» **What to do**
Identify and pull out each line of the entries in which "shows" occurs.

» **Excerpted records**
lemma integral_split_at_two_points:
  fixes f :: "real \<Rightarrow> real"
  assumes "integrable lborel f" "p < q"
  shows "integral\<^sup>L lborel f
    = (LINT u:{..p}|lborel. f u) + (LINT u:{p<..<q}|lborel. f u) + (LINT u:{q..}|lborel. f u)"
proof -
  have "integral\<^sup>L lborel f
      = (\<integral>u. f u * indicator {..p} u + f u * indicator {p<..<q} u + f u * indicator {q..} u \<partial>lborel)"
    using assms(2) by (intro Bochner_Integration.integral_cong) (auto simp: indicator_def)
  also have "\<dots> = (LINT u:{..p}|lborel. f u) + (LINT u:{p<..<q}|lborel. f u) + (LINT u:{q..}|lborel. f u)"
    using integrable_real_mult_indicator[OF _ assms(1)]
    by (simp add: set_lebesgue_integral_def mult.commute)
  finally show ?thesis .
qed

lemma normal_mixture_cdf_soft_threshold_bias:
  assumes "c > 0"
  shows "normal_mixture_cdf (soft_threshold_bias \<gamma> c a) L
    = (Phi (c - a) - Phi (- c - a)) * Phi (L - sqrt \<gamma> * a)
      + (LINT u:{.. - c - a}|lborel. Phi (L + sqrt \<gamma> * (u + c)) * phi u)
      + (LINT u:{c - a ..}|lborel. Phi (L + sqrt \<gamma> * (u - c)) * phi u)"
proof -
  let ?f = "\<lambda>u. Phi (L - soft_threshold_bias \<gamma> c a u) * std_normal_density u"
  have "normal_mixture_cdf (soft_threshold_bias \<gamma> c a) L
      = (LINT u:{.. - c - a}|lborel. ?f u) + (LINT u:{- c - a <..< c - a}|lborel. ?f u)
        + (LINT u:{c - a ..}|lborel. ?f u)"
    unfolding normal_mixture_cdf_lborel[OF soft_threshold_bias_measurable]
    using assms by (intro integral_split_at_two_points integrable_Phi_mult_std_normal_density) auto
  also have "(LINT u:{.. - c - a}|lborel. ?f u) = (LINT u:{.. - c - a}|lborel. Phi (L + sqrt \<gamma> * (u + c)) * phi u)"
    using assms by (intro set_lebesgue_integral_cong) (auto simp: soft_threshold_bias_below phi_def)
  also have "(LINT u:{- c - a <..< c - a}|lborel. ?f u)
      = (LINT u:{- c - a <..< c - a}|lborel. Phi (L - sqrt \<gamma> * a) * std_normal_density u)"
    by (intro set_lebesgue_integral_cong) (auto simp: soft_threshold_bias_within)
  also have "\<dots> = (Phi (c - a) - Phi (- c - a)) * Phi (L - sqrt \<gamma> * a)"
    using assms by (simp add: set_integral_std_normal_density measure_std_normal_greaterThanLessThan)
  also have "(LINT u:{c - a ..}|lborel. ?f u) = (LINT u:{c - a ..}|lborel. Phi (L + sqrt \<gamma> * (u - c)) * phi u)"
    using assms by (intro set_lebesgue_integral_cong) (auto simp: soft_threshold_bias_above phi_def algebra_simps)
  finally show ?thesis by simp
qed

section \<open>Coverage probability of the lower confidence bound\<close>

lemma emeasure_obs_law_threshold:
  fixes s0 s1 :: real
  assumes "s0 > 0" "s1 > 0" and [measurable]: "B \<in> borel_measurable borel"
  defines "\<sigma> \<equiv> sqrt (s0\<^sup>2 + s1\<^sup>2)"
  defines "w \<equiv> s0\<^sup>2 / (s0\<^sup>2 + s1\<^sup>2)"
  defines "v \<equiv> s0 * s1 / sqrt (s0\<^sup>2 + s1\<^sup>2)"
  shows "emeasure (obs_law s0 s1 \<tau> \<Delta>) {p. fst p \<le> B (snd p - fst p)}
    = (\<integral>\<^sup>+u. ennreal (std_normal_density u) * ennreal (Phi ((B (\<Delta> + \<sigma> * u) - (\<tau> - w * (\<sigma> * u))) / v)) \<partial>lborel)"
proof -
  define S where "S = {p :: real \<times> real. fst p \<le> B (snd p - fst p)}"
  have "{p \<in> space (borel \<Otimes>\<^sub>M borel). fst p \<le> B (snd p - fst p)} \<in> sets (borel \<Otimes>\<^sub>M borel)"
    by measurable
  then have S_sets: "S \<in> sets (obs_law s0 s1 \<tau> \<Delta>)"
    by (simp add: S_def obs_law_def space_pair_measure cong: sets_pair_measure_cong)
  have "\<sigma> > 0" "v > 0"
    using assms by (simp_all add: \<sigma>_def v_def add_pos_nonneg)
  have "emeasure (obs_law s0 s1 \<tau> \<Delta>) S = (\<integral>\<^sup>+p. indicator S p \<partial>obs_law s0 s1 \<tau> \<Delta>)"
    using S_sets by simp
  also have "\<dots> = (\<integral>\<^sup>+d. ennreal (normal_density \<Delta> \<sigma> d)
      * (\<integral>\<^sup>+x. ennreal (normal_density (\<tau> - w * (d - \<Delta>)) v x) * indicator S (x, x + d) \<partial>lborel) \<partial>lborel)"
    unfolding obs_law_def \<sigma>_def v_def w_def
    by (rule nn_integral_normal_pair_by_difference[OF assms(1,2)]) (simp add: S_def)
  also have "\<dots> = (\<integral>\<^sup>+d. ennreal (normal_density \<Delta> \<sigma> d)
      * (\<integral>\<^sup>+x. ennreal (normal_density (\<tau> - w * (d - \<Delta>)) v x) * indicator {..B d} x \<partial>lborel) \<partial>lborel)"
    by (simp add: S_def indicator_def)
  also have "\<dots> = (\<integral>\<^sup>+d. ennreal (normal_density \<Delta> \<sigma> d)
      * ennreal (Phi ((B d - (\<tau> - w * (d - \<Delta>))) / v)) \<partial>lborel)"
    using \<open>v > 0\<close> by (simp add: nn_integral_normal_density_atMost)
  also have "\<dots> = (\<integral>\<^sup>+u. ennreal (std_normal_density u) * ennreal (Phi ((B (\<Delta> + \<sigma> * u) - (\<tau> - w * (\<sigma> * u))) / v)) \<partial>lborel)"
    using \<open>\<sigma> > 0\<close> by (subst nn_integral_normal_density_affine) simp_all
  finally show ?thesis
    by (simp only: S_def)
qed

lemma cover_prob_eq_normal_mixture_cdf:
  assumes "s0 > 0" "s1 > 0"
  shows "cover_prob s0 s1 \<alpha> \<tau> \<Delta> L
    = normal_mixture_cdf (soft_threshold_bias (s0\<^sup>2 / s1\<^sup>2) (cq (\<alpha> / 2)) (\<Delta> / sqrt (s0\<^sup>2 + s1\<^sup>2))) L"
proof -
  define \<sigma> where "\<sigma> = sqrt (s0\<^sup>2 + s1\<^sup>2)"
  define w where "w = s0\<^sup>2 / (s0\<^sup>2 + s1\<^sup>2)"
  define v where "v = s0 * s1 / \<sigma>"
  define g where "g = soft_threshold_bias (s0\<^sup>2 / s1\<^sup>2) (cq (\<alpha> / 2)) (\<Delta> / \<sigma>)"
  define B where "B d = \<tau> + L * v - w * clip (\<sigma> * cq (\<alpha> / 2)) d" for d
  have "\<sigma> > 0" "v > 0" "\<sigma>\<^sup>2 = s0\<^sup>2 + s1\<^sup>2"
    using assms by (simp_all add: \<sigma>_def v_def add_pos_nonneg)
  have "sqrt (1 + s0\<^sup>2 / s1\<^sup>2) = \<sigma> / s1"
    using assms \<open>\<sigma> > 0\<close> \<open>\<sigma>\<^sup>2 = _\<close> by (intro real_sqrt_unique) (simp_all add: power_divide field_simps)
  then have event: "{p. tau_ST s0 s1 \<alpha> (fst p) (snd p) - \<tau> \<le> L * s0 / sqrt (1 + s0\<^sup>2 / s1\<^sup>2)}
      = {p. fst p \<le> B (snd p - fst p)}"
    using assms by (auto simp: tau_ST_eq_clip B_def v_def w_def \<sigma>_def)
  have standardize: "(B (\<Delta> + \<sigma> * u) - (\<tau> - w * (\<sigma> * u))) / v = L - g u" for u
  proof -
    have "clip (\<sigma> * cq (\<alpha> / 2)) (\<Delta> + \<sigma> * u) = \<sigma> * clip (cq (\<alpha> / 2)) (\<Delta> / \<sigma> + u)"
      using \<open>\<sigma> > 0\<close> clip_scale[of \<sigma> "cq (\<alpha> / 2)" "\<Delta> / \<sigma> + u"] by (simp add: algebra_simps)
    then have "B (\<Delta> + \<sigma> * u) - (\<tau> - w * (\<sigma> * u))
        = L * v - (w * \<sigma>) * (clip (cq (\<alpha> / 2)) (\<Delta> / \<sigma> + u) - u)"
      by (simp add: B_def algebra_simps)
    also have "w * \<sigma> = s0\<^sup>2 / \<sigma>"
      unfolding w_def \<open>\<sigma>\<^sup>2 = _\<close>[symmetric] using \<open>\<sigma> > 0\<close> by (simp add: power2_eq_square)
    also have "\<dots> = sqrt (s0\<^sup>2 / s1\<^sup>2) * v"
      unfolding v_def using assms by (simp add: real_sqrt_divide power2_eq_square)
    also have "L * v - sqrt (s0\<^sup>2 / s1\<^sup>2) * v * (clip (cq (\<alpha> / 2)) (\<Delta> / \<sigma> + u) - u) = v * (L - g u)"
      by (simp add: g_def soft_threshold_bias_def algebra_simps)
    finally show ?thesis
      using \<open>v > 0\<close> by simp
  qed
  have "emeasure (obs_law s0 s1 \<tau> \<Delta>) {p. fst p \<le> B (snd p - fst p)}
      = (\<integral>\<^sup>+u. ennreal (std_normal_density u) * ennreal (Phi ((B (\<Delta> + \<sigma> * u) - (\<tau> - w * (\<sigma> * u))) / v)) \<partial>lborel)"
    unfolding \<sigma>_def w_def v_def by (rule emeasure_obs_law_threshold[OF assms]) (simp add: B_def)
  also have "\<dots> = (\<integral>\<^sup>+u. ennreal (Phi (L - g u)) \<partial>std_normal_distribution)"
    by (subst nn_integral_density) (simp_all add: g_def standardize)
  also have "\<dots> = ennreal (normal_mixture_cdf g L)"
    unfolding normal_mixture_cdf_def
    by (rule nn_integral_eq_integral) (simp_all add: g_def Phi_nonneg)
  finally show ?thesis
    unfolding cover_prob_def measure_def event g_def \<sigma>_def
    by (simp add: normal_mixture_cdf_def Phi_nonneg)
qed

» **Task solution**
  shows "integral\<^sup>L lborel f
  shows "normal_mixture_cdf (soft_threshold_bias \<gamma> c a) L
  shows "emeasure (obs_law s0 s1 \<tau> \<Delta>) {p. fst p \<le> B (snd p - fst p)}
  shows "cover_prob s0 s1 \<alpha> \<tau> \<Delta> L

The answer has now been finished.